It has been suggested that Gerrard plays a higher tempo game than Lampard, covers more of the pitch and is finding it hard, at 34, to transform games as he once did by imposing himself on proceedings.
There might be some truth in that theory, but there is not that much difference in the two players and neither is it the case that Gerrard cannot adapt his game as he grows older. He started to do that in the second half of last season and, given Liverpool's form and results right up until the fateful slip against Chelsea, few could complain about the way things went. It is easier to believe that Gerrard was finding it difficult to sit out games at Liverpool or be used as a substitute.
Every player must accept that age takes its toll and that managers will inevitably put more trust in young legs rather than old ones, but it is never the easiest transition for one-club players who have become icons within their team and sporting community.
In a sense, Chelsea made Lampard's life easier for him by moving him out after 13 years. He was able to look around and see what was available, even if that meant accepting a bit-part at Manchester City. It was always going to be difficult for Gerrard to become a bit-part player at Anfield and neither would he have relished discovering, as he would have had he visited any internet chat rooms this season, that a section of Liverpool's support believes Brendan Rodgers selects more dynamic teams when the captain is not involved.
Yet these are issues every footballing great has to confront. Only gunslingers in westerns know better than sportsmen that no one stays on top forever. The trick is to try and turn a parting into a positive and that seems to be what Gerrard is attempting.
Obviously, he could have stayed at Liverpool, the club had offered him a new contract, but those arguing Rodgers should have done everything possible not only to tie Gerrard down, but to introduce him gradually to coaching responsibilities, may be missing an important point.
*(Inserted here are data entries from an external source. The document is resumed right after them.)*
theory Submission
  imports Defs "HOL-Library.Disjoint_Sets"
begin

(*
  Let Z_i be the set of vertices covered by A_i and by no other A_j. For any k - 1 indices, the
  sets Z_i together with the rest of V form a k-partition whose last part contains R (which avoids
  every A_i) and V - U (which lies in every A_i), and a hyperedge meeting two of its parts crosses
  one of the chosen Z_i. Take the disjoint index blocks {1, ..., k-1} and {k, ..., 2k-2}. Each
  hyperedge e is counted by at most potential(e) of the two partitions, where the potential is 2
  if e meets two different Z_i, or meets both a vertex covered by no A_i and a vertex covered at
  least twice; and is otherwise 1 or 0 according as e crosses some Z_i or not.

  For the family {A_i, A_j} the potential of e is at most the number of the sets A_i, A_j that e
  crosses, so its total is at most d(A_i) + d(A_j). Adding a further set A_t raises the total by
  at most d(A_t) - d(A_t Int D), where D is the set of vertices covered at least twice so far.
  Since D contains A_i Int A_j, hence V - U, the set A_t Int D is again the sink side of a
  terminal cut, and minimality of A_t makes the increase nonpositive. So the two partitions
  together cost at most min (d(A_i) + d(A_j)), and the cheaper one at most half of it.
*)

definition crosses :: "'a set \<Rightarrow> 'a set \<Rightarrow> bool" where
  "crosses X e \<longleftrightarrow> e \<inter> X \<noteq> {} \<and> e - X \<noteq> {}"

lemma crosses_iff_Int: "crosses X e \<longleftrightarrow> e \<inter> X \<noteq> {} \<and> e \<inter> X \<noteq> e"
  unfolding crosses_def by blast

lemma size_filter_mset_eq_sum_of_bool:
  "size (filter_mset P M) = (\<Sum>x\<in>#M. of_bool (P x) :: nat)"
  by (induction M) auto

lemma dcut_eq_sum_crosses:
  assumes "\<forall>e\<in>#E. e \<subseteq> V"
  shows "dcut V E X = (\<Sum>e\<in>#E. of_bool (crosses X e))"
proof -
  have "filter_mset (\<lambda>e. e \<inter> X \<noteq> {} \<and> e \<inter> (V - X) \<noteq> {}) E = filter_mset (crosses X) E"
    using assms by (intro filter_mset_cong) (auto simp: crosses_def)
  then show ?thesis
    by (simp add: dcut_def size_filter_mset_eq_sum_of_bool)
qed

lemma dcut_Diff:
  assumes "X \<subseteq> V"
  shows "dcut V E (V - X) = dcut V E X"
proof -
  have "V - (V - X) = X" using assms by blast
  then show ?thesis unfolding dcut_def by (simp add: conj_commute)
qed

lemma min_terminal_cut_le_inter:
  assumes "min_terminal_cut V E S T (V - A)" "A \<subseteq> V" "T \<subseteq> D"
  shows "dcut V E A \<le> dcut V E (A \<inter> D)"
proof -
  have "terminal_cut V S T (V - (A \<inter> D))"
    using assms unfolding min_terminal_cut_def terminal_cut_def by blast
  then have "dcut V E (V - A) \<le> dcut V E (V - (A \<inter> D))"
    using assms(1) unfolding min_terminal_cut_def by blast
  then show ?thesis
    using assms(2) by (simp add: dcut_Diff le_infI1)
qed

definition exclusive_part :: "('i \<Rightarrow> 'a set) \<Rightarrow> 'i set \<Rightarrow> 'i \<Rightarrow> 'a set" where
  "exclusive_part A I m = A m - (\<Union>n\<in>I - {m}. A n)"

definition uncovered_part :: "('i \<Rightarrow> 'a set) \<Rightarrow> 'i set \<Rightarrow> 'a set" where
  "uncovered_part A I = - (\<Union>m\<in>I. A m)"

definition multiply_covered :: "('i \<Rightarrow> 'a set) \<Rightarrow> 'i set \<Rightarrow> 'a set" where
  "multiply_covered A I = {x. \<exists>m\<in>I. \<exists>n\<in>I. m \<noteq> n \<and> x \<in> A m \<and> x \<in> A n}"

lemma Int_subset_multiply_covered:
  "i \<in> I \<Longrightarrow> j \<in> I \<Longrightarrow> i \<noteq> j \<Longrightarrow> A i \<inter> A j \<subseteq> multiply_covered A I"
  unfolding multiply_covered_def by blast

lemma regions_cover:
  "x \<in> uncovered_part A I \<or> x \<in> multiply_covered A I \<or> (\<exists>m\<in>I. x \<in> exclusive_part A I m)"
  unfolding uncovered_part_def multiply_covered_def exclusive_part_def by blast

lemma uncovered_part_Int_multiply_covered: "uncovered_part A I \<inter> multiply_covered A I = {}"
  unfolding uncovered_part_def multiply_covered_def by blast

lemma exclusive_part_disjoint:
  assumes "m \<in> I"
  shows "uncovered_part A I \<inter> exclusive_part A I m = {}"
    and "multiply_covered A I \<inter> exclusive_part A I m = {}"
    and "n \<in> I \<Longrightarrow> n \<noteq> m \<Longrightarrow> exclusive_part A I n \<inter> exclusive_part A I m = {}"
  using assms unfolding uncovered_part_def multiply_covered_def exclusive_part_def by auto

lemma uncovered_part_insert: "uncovered_part A (insert t I) = uncovered_part A I - A t"
  unfolding uncovered_part_def by blast

lemma multiply_covered_insert:
  "t \<notin> I \<Longrightarrow> multiply_covered A (insert t I) = multiply_covered A I \<union> (A t - uncovered_part A I)"
  unfolding uncovered_part_def multiply_covered_def by (auto; metis)

lemma exclusive_part_insert:
  "t \<notin> I \<Longrightarrow> exclusive_part A (insert t I) m =
     (if m = t then A t \<inter> uncovered_part A I else exclusive_part A I m - A t)"
  unfolding exclusive_part_def uncovered_part_def by auto

definition charged_twice :: "('i \<Rightarrow> 'a set) \<Rightarrow> 'i set \<Rightarrow> 'a set \<Rightarrow> bool" where
  "charged_twice A I e \<longleftrightarrow>
     (\<exists>m\<in>I. \<exists>n\<in>I. m \<noteq> n \<and> e \<inter> exclusive_part A I m \<noteq> {} \<and> e \<inter> exclusive_part A I n \<noteq> {}) \<or>
     (e \<inter> uncovered_part A I \<noteq> {} \<and> e \<inter> multiply_covered A I \<noteq> {})"

definition potential :: "('i \<Rightarrow> 'a set) \<Rightarrow> 'i set \<Rightarrow> 'a set \<Rightarrow> nat" where
  "potential A I e =
     (if charged_twice A I e then 2 else of_bool (\<exists>m\<in>I. crosses (exclusive_part A I m) e))"

lemma potential_le_2: "potential A I e \<le> 2"
  unfolding potential_def by simp

lemma potential_eq_2: "charged_twice A I e \<Longrightarrow> potential A I e = 2"
  unfolding potential_def by simp

lemma potential_le_1: "\<not> charged_twice A I e \<Longrightarrow> potential A I e \<le> 1"
  unfolding potential_def by simp

lemma potential_pos: "m \<in> I \<Longrightarrow> crosses (exclusive_part A I m) e \<Longrightarrow> 0 < potential A I e"
  unfolding potential_def by auto

lemma potential_pos_cases:
  assumes "0 < potential A I e"
  obtains "charged_twice A I e" | m where "m \<in> I" "crosses (exclusive_part A I m) e"
  using assms unfolding potential_def by (auto split: if_splits)

lemma potential_pair:
  assumes "i \<noteq> j"
  shows "potential A {i, j} e \<le> of_bool (crosses (A i) e) + of_bool (crosses (A j) e)"
proof -
  have regions: "exclusive_part A {i, j} i = A i - A j" "exclusive_part A {i, j} j = A j - A i"
    "uncovered_part A {i, j} = - (A i \<union> A j)" "multiply_covered A {i, j} = A i \<inter> A j"
    using assms unfolding exclusive_part_def uncovered_part_def multiply_covered_def by auto
  show ?thesis
  proof (cases "charged_twice A {i, j} e")
    case True
    then have "crosses (A i) e \<and> crosses (A j) e"
      unfolding charged_twice_def crosses_def by (auto simp: regions)
    then show ?thesis using potential_eq_2[OF True] by simp
  next
    case False
    then show ?thesis
      unfolding potential_def crosses_def by (auto simp: regions)
  qed
qed

lemma potential_posI:
  assumes "y \<in> e" "y \<notin> uncovered_part A I \<union> multiply_covered A I"
    and "x \<in> e" "x \<in> uncovered_part A I \<union> multiply_covered A I"
  shows "0 < potential A I e"
proof -
  obtain m where m: "m \<in> I" "y \<in> exclusive_part A I m"
    using regions_cover[of y A I] assms(2) by blast
  moreover have "x \<notin> exclusive_part A I m"
    using assms(4) exclusive_part_disjoint(1,2)[OF m(1), of A] by blast
  ultimately have "crosses (exclusive_part A I m) e"
    using assms(1,3) unfolding crosses_def by auto
  then show ?thesis by (rule potential_pos[OF m(1)])
qed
If Gerrard is going to go into coaching or management, once he finishes playing, it will serve him well to have experience of an environment other than Liverpool.
It is some achievement breaking into your home club's first team at the age of 18 and staying there for more than 15 years, but it does not necessarily teach you all you need to know about football and footballers. Gerrard would make a better future manager, one feels, by broadening his experience.
That is for the future, however. Gerrard is astutely concentrating on the present at the moment, determined to prolong his playing career as long as possible so as not to have any regrets in retirement, which leaves everyone else to reflect on the past. Quite obviously, Gerrard is going to have one major regret in retirement, unless Chelsea or Manchester City persuade him to abandon American dreams and enjoy a coda to his career as unexpected as Lampard's - and that is the one that has been bugging him since Alex Ferguson began knocking Liverpool off their perch.
Rival fans routinely taunt him about it, though the fact that no one has seen Gerrard win the league should not detract from evaluation of one of the greatest of English careers. The list of achievements speaks for itself, as does 114 England caps and the heroic performances in Istanbul in 2005 and Cardiff a year later, but what Gerrard deserves to be remembered for most is his inspirational quality. Few English footballers have brought the same force of personality to bear, the same ability to influence outcomes by projecting steely determination allied to prodigious personal example. It is hardly his fault his career coincided with that of a Manchester United manager with exactly the same qualities.
In that respect, Gerrard could be considered unlucky. He could have changed his luck by joining Chelsea and he will also be remembered, on Merseyside even revered, for not doing so. Should he ever come to regret that decision, he would be better off not admitting it. It does not quite fit with the legend and besides, most people agreed with his reasoning. Even modern football can be pleasingly old-fashioned sometimes. Steven Gerrard is Liverpool. Chelsea just would not have felt right.